Where he has established a particular reputation is in the making of big pots. For a long time now it has remained central to his working practice; a kind of meditation in action, limited only by whether he can move his labours by himself, since he has more often than not been working alone. This obsession – if he would let me call it that – began under the vigilant eye of Michael Cardew, with whom Bayer spent three emphatic years at the very start of his career, and who quickly realised the indefatigable talents of his ward. Cardew, too, liked to make big pots; and he was generous enough to let Bayer not only make, but also occasionally fire his own large work after showing him how to properly coil from a thrown base.

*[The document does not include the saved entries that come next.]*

lemma Lset_hunit:
  assumes A: "A > 0" and E: "E > 0"
  shows "Lset A B hunit E = (if E < \<bar>B\<bar> then {2 * pi * A / sqrt (B\<^sup>2 / E\<^sup>2 - 1)} else {})"
  unfolding Lset_hunit_eq[OF A]
proof (intro equalityI subsetI)
  fix x
  assume "x \<in> {E * \<omega> | \<omega> u v z0. E = sqrt ((u\<^sup>2 + v\<^sup>2) / A + (z0 + B)\<^sup>2) \<and> least_period (mgeo0 A B u v z0) \<omega>}"
  then obtain \<omega> u v z0 where "x = E * \<omega>" and "E = sqrt ((u\<^sup>2 + v\<^sup>2) / A + (z0 + B)\<^sup>2)"
    and "least_period (mgeo0 A B u v z0) \<omega>"
    by blast
  with contractible_closed_geodesic_length[OF A E] show "x \<in> (if E < \<bar>B\<bar> then {2 * pi * A / sqrt (B\<^sup>2 / E\<^sup>2 - 1)} else {})"
    by simp
next
  fix x
  assume "x \<in> (if E < \<bar>B\<bar> then {2 * pi * A / sqrt (B\<^sup>2 / E\<^sup>2 - 1)} else {})"
  then have "E < \<bar>B\<bar>" and x: "x = 2 * pi * A / sqrt (B\<^sup>2 / E\<^sup>2 - 1)"
    by (auto split: if_splits)
  with contractible_closed_geodesic_exists[OF A E] obtain \<omega> u v z0
    where "E = sqrt ((u\<^sup>2 + v\<^sup>2) / A + (z0 + B)\<^sup>2)" and "least_period (mgeo0 A B u v z0) \<omega>"
      and "x = E * \<omega>"
    by metis
  then show "x \<in> {E * \<omega> | \<omega> u v z0. E = sqrt ((u\<^sup>2 + v\<^sup>2) / A + (z0 + B)\<^sup>2) \<and> least_period (mgeo0 A B u v z0) \<omega>}"
    by blast
qed

section \<open>Horizontal classes\<close>

lemma horizontal_closed_geodesic_length:
  assumes A: "A > 0" and E: "E > 0" and ab: "(a, b) \<noteq> (0, 0)"
    and e: "E = sqrt ((u\<^sup>2 + v\<^sup>2) / A + (z0 + B)\<^sup>2)" and \<omega>: "\<omega> \<noteq> 0"
    and per: "gamma_periodic (a, b, c) (mgeo0 A B u v z0) \<omega>"
  shows "\<bar>B\<bar> < E \<and> E * \<bar>\<omega>\<bar> = sqrt (A * (a\<^sup>2 + b\<^sup>2)) / sqrt (1 - B\<^sup>2 / E\<^sup>2)"
proof -
  have "z0 = 0"
    using per ab gamma_periodic_helix_iff[OF A] by blast
  with per A have ab\<omega>: "a = u * \<omega> / A" "b = v * \<omega> / A"
    by (simp_all add: gamma_periodic_straight_iff)
  have E2: "E\<^sup>2 = (u\<^sup>2 + v\<^sup>2) / A + B\<^sup>2"
    using e E \<open>z0 = 0\<close> by simp
  have "A * (a\<^sup>2 + b\<^sup>2) = (u\<^sup>2 + v\<^sup>2) / A * \<omega>\<^sup>2"
    unfolding ab\<omega> using A by (simp add: field_simps power2_eq_square)
  also have "\<dots> = (E\<^sup>2 - B\<^sup>2) * \<omega>\<^sup>2"
    using E2 by simp
  finally have "A * (a\<^sup>2 + b\<^sup>2) = (E\<^sup>2 - B\<^sup>2) * \<omega>\<^sup>2" .
  moreover have "0 < A * (a\<^sup>2 + b\<^sup>2)"
    using A ab by (simp add: sum_power2_gt_zero_iff)
  ultimately have "B\<^sup>2 < E\<^sup>2" and "sqrt (A * (a\<^sup>2 + b\<^sup>2)) = sqrt (E\<^sup>2 - B\<^sup>2) * \<bar>\<omega>\<bar>"
    by (simp_all add: real_sqrt_mult zero_less_mult_iff)
  moreover from \<open>B\<^sup>2 < E\<^sup>2\<close> E have "\<bar>B\<bar> < E"
    by (simp add: square_less_iff_abs_less)
  ultimately show ?thesis
    using E unfolding sqrt_one_minus_ratio[OF E] by simp
qed
lemma sign_extends_to_hyperplane:
  assumes nonneg: "\<And>z. a \<bullet> z = 0 \<Longrightarrow> m \<bullet> z \<noteq> 0 \<Longrightarrow> 0 \<le> quad_form B z * r"
    and x0: "a \<bullet> x0 = 0" "m \<bullet> x0 \<noteq> 0" and z: "a \<bullet> z = 0"
  shows "0 \<le> quad_form B z * r"
proof (cases "quad_form B z = 0")
  case False
  obtain t where t: "0 < quad_form B z * quad_form B (z + t *\<^sub>R x0)" "m \<bullet> (z + t *\<^sub>R x0) \<noteq> 0"
    using quad_form_same_sign_off_hyperplane[OF False x0(2)] .
  have "0 \<le> quad_form B (z + t *\<^sub>R x0) * r"
    using nonneg t(2) z x0(1) by (simp add: inner_add_right)
  with t(1) show ?thesis
    by (rule mult_sign_trans)
qed simp

lemma sign_orthogonal_constant_sign_on_isotropic_cone:
  assumes A: "sym_mat A" and factor: "\<And>w. quad_form A w = (a \<bullet> w) * (m \<bullet> w)"
    and orth: "sign_orthogonal A B"
    and x: "a \<bullet> x = 0" "m \<bullet> x \<noteq> 0" "quad_form B x \<noteq> 0"
    and y: "m \<bullet> y = 0" "a \<bullet> y \<noteq> 0" "quad_form B y \<noteq> 0"
    and z: "quad_form A z = 0"
  shows "0 \<le> quad_form B z * quad_form B y"
proof -
  have cross: "0 \<le> quad_form B u * quad_form B v"
    if "a \<bullet> u = 0" "m \<bullet> u \<noteq> 0" "m \<bullet> v = 0" "a \<bullet> v \<noteq> 0" for u v
    using factorization_cross_sign[OF A factor orth that] .
  show ?thesis
  proof (cases "a \<bullet> z = 0")
    case True
    show ?thesis
      by (rule sign_extends_to_hyperplane[OF _ x(1,2) True]) (rule cross[OF _ _ y(1,2)])
  next
    case False
    with z have "m \<bullet> z = 0"
      by (simp add: factor)
    have "0 \<le> quad_form B z * quad_form B x"
      by (rule sign_extends_to_hyperplane[OF _ y(1,2) \<open>m \<bullet> z = 0\<close>])
        (use cross[OF x(1,2)] in \<open>simp add: mult.commute\<close>)
    moreover have "0 < quad_form B x * quad_form B y"
      by (rule order_le_neq_trans[OF cross[OF x(1,2) y(1,2)]]) (use x(3) y(3) in simp)
    ultimately show ?thesis
      by (auto simp: zero_le_mult_iff zero_less_mult_iff)
  qed
qed

lemma sign_orthogonal_common_isotropic_hyperplane:
  assumes A: "sym_mat A" "indefinite A" and factor: "\<And>w. quad_form A w = (a \<bullet> w) * (m \<bullet> w)"
    and orth: "sign_orthogonal A B"
    and p: "quad_form A p = 0" "0 < quad_form B p" and q: "quad_form A q = 0" "quad_form B q < 0"
  obtains c where "c \<noteq> 0" "\<And>w. c \<bullet> w = 0 \<Longrightarrow> quad_form A w = 0"
    "\<And>w. c \<bullet> w = 0 \<Longrightarrow> quad_form B w = 0"
proof (rule ccontr)
  note common_hyperplane = that
  assume no_common: "\<not> thesis"
  have factor': "\<And>w. quad_form A w = (m \<bullet> w) * (a \<bullet> w)"
    by (simp add: factor mult.commute)
  obtain x0 where x0: "a \<bullet> x0 = 0" "m \<bullet> x0 \<noteq> 0"
    using indefinite_factorization_hyperplanes_differ[OF A(2) factor] .
  obtain y0 where y0: "m \<bullet> y0 = 0" "a \<bullet> y0 \<noteq> 0"
    using indefinite_factorization_hyperplanes_differ[OF A(2) factor'] .
  have "a \<noteq> 0" "m \<noteq> 0"
    using x0(2) y0(2) by auto
  have B_nonvanishing: "\<not> (\<forall>w. c \<bullet> w = 0 \<longrightarrow> quad_form B w = 0)" if "c = a \<or> c = m" for c
  proof
    assume "\<forall>w. c \<bullet> w = 0 \<longrightarrow> quad_form B w = 0"
    with \<open>a \<noteq> 0\<close> \<open>m \<noteq> 0\<close> \<open>c = a \<or> c = m\<close> have thesis
      by (intro common_hyperplane[of c]) (auto simp: factor)
    with no_common show False ..
  qed
  obtain x1 where x1: "a \<bullet> x1 = 0" "quad_form B x1 \<noteq> 0"
    using B_nonvanishing[of a] by blast
  obtain y1 where y1: "m \<bullet> y1 = 0" "quad_form B y1 \<noteq> 0"
    using B_nonvanishing[of m] by blast
  obtain x where x: "a \<bullet> x = 0" "m \<bullet> x \<noteq> 0" "quad_form B x \<noteq> 0"
    using quad_form_nonzero_off_hyperplane[OF x1 x0] .
  obtain y where y: "m \<bullet> y = 0" "a \<bullet> y \<noteq> 0" "quad_form B y \<noteq> 0"
    using quad_form_nonzero_off_hyperplane[OF y1 y0] .
  have "0 \<le> quad_form B p * quad_form B y" "0 \<le> quad_form B q * quad_form B y"
    using sign_orthogonal_constant_sign_on_isotropic_cone[OF A(1) factor orth x y] p(1) q(1)
    by blast+
  with p(2) q(2) y(3) show False
    by (simp add: zero_le_mult_iff)
qed

theorem theorem4p2:
  fixes M1 M2 :: "real^'n^'n"
  assumes "sym_mat M1" and "sym_mat M2"
    and "rank_one_generated (T2 M1 M2)"
  shows "(\<exists>\<alpha>1 \<alpha>2. (\<alpha>1, \<alpha>2) \<noteq> (0, 0) \<and> psd (\<alpha>1 *\<^sub>R M1 + \<alpha>2 *\<^sub>R M2))
       \<or> (\<exists>a b c :: real^'n. M1 = Sym (outer a c) \<and> M2 = Sym (outer b c))"
proof -
  have "\<exists>a b c :: real^'n. M1 = Sym (outer a c) \<and> M2 = Sym (outer b c)"
    if no_psd: "\<nexists>\<alpha>1 \<alpha>2. (\<alpha>1, \<alpha>2) \<noteq> (0, 0) \<and> psd (\<alpha>1 *\<^sub>R M1 + \<alpha>2 *\<^sub>R M2)"
  proof -
    have indef: "indefinite M1"
      using indefinite_if_no_psd_combination[OF assms(1) no_psd] .
    obtain p q where p: "quad_form M1 p = 0" "0 < quad_form M2 p"
      and q: "quad_form M1 q = 0" "quad_form M2 q < 0"
      using isotropic_sign_change_if_no_psd_combination[OF assms(1,2) no_psd] by blast
    have orth: "sign_orthogonal M1 M2"
      using rank_one_generated_imp_sign_orthogonal[OF assms] .
    obtain a m where factor: "\<And>w. quad_form M1 w = (a \<bullet> w) * (m \<bullet> w)"
      using sign_orthogonal_imp_factorization[OF assms(1) indef orth p q] by blast
    obtain c where "c \<noteq> 0" "\<And>w. c \<bullet> w = 0 \<Longrightarrow> quad_form M1 w = 0"
      "\<And>w. c \<bullet> w = 0 \<Longrightarrow> quad_form M2 w = 0"
      using sign_orthogonal_common_isotropic_hyperplane[OF assms(1) indef factor orth p q] by blast
    then show ?thesis
      using hyperplane_isotropic_imp_Sym_outer[OF assms(1)] hyperplane_isotropic_imp_Sym_outer[OF assms(2)]
      by blast
  qed
  then show ?thesis
    by blast
qed

end
lemma norm_less_root_series_conv_radius:
  assumes "A > 0" "norm z < 1/4"
  shows "ereal (norm z) < fps_conv_radius (root_series A)"
proof -
  have "ereal (norm z) < ereal (1/4)" using assms(2) by simp
  then show ?thesis using root_series_conv_radius[OF assms(1)] by (rule less_le_trans)
qed

lemma root_series_sums:
  assumes "A > 0" "norm z < 1/4"
  shows "(\<lambda>m. root_series A $ Suc m * z ^ Suc m) sums eval_fps (root_series A) z"
  using sums_Suc_iff[of "\<lambda>m. root_series A $ m * z ^ m"]
    sums_eval_fps[OF norm_less_root_series_conv_radius[OF assms]]
  by simp

lemma eval_root_series_equation:
  assumes A: "A > 0" and z: "norm z < 1/4"
  shows "eval_fps (root_series A) z ^ A = z ^ A * (1 + eval_fps (root_series A) z) ^ (A - 1)"
proof -
  define W where "W = root_series A"
  have R: "norm z < fps_conv_radius W"
    unfolding W_def by (rule norm_less_root_series_conv_radius[OF A z])
  have R1: "norm z < fps_conv_radius (1 + W)"
    using fps_conv_radius_add[of 1 W] R by (auto intro: less_le_trans)
  have R2: "norm z < fps_conv_radius ((1 + W) ^ (A - 1))"
    using fps_conv_radius_power[of "1 + W" "A - 1"] R1 by (auto intro: less_le_trans)
  have "eval_fps W z ^ A = eval_fps (W ^ A) z"
    by (rule eval_fps_power[OF R, symmetric])
  also have "\<dots> = eval_fps (fps_X ^ A * (1 + W) ^ (A - 1)) z"
    by (simp add: W_def root_series_equation[OF A])
  also have "\<dots> = z ^ A * (1 + eval_fps W z) ^ (A - 1)"
    using R R1 R2 by (simp add: eval_fps_mult eval_fps_power eval_fps_add)
  finally show ?thesis unfolding W_def .
qed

At 73 (you would not think it), the weathering to his body by years of what has been, effectively, hard labour now finds him at the end of this journey. Making the pots, as he points out, is easy enough; but moving them is another matter entirely, and though naturally fit he is a slight man: ‘I can’t use brute force; I’ve got to kind of think my way around moving things.’ Bayer’s potting at scale came to its peak in 2004 with a series of extremely large vessels made for an exhibition. The show was an unmitigated disaster: a second, simultaneous, display in a separate venue drew all attention away from his exhibits. There were no staff to watch over the pots, and vandals broke in twice to push them off their plinths. Bayer’s insurance pay-outs were the only recorded sales of the show.
Huge, monumental jars by Svend Bayer, among the largest he has ever made. All were thrown, coiled, and paddled by hand and wood-fired in Bayer's anagama kiln.
The series returned instead to Bayer’s garden at Duckpool, where they became a permanent feature; they now stand as a monumental record of a time in his career, the last really big pots he ever made. All will be on display at Goldmark for the opening of Bayer’s March 2020 exhibition.
Huge jars by Svend Bayer
Joining them is a very special selection of work. These will be the first pots by Bayer we have received in eight years, the very best pots put aside from three years of firing at Kigbeare – an ‘embarrassment’, Bayer calls them, with typical humility; a word I’ve only ever heard used collectively of riches. I will leave the task of discussing their finer details to David Whiting, who is set to author what will be our 47th pottery monograph. But my impression from the work I have seen so far, and what I thought unthinkable as I walked around that exceptional 2012 exhibition, is that Bayer has surpassed himself.
Much wood-fired work is all surface; an encrustation of glass lobes and delirious rivers of ash. But in Bayer’s pots, you never feel overwhelmed by the extraordinary effects of his kiln, the intense violence inflicted on large vases and vessels in the firebox. ‘No amount of wood firing will help a bad shape’, he has said in the past; it was his sense of form, his prowess on the wheel, that prompted Cardew to describe him as a ‘force of nature’, and form is forever at the forefront of his mind.
I can think only that these new pots are like planets. That in their swirls of wood ash, seas of celadon blue and green, scallop shell skeletons raised like white cliffs from the foam, they are like living globes of constellatory importance. My fingers are drawn over them by their tips like ships looking for safe passage to new and distant lands. As I did eight years ago, I feel I have arrived again.